**PROBLEM TO SOLVE:**
Only lines holding the string "also" are wanted; copy each one from the material.

============================================================

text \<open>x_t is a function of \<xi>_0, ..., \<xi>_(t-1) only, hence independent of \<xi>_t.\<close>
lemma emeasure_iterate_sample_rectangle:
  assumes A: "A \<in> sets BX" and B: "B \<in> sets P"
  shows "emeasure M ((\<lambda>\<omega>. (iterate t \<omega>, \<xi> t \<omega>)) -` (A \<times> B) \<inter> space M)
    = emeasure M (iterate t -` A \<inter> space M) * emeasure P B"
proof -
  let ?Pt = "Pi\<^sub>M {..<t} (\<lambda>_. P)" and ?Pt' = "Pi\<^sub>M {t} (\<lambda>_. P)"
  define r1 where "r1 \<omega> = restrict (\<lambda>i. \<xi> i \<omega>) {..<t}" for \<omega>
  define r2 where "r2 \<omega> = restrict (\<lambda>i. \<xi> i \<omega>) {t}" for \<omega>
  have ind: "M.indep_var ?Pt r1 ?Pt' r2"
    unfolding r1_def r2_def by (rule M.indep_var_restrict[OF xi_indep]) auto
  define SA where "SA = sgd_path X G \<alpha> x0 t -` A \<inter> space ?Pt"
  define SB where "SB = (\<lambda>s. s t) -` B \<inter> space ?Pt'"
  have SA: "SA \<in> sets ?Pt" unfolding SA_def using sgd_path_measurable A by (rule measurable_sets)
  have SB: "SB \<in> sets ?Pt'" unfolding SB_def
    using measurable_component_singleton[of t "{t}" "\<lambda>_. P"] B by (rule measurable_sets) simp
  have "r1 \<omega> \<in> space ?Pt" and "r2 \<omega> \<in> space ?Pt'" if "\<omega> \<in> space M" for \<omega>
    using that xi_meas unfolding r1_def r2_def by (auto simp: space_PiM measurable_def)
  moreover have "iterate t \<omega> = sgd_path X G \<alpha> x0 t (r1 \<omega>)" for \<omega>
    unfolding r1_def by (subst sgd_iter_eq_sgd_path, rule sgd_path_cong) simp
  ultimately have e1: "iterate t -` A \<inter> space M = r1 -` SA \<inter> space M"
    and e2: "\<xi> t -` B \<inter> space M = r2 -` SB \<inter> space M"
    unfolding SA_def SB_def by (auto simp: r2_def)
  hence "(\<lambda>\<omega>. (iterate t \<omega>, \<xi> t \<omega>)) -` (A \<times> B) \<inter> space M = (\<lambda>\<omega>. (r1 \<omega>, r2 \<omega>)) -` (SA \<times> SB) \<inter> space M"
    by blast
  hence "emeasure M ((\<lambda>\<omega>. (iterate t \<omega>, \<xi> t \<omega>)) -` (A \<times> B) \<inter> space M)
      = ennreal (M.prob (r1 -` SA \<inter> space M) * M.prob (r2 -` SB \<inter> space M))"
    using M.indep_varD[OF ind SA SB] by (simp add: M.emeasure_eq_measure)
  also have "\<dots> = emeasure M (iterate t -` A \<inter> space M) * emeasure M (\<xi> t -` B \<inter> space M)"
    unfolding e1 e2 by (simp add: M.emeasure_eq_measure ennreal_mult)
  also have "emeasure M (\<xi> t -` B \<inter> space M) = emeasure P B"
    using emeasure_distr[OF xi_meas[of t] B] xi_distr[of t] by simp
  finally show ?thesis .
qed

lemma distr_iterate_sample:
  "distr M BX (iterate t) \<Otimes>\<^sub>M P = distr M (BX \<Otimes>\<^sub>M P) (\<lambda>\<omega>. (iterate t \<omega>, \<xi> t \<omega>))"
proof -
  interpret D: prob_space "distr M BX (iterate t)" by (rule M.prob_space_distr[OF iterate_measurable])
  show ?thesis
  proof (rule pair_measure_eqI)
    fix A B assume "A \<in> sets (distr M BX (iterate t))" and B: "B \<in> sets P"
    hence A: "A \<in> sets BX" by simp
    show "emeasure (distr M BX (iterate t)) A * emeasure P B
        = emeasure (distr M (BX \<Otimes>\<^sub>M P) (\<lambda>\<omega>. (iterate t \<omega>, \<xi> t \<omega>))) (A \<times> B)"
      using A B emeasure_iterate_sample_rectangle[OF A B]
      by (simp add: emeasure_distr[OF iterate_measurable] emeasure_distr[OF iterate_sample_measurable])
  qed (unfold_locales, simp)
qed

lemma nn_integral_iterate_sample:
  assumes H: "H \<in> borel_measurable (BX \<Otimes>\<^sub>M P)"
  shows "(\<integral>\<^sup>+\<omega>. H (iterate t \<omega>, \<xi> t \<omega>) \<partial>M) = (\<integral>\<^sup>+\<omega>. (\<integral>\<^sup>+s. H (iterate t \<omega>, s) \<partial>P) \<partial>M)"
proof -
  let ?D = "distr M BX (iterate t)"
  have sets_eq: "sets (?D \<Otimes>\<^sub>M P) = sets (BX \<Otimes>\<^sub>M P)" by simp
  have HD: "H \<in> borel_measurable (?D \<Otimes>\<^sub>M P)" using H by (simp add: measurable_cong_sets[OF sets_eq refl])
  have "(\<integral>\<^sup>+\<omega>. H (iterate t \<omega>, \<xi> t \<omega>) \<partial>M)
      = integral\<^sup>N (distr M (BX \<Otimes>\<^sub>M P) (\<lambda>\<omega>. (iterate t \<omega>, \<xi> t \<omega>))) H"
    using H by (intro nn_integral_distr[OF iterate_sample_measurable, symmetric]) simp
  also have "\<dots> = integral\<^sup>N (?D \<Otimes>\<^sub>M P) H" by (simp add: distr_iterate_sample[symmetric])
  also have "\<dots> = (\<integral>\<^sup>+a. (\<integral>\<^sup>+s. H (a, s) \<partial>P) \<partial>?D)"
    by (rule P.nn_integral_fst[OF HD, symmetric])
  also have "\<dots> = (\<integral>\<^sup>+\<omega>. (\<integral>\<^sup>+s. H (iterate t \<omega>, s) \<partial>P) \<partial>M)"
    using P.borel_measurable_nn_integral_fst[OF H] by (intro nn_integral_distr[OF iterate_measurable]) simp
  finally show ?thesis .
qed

============================================================

**ANSWER SECTION:**
  also have "\<dots> = emeasure M (iterate t -` A \<inter> space M) * emeasure M (\<xi> t -` B \<inter> space M)"
  also have "emeasure M (\<xi> t -` B \<inter> space M) = emeasure P B"
  also have "\<dots> = integral\<^sup>N (?D \<Otimes>\<^sub>M P) H" by (simp add: distr_iterate_sample[symmetric])
  also have "\<dots> = (\<integral>\<^sup>+a. (\<integral>\<^sup>+s. H (a, s) \<partial>P) \<partial>?D)"
  also have "\<dots> = (\<integral>\<^sup>+\<omega>. (\<integral>\<^sup>+s. H (iterate t \<omega>, s) \<partial>P) \<partial>M)"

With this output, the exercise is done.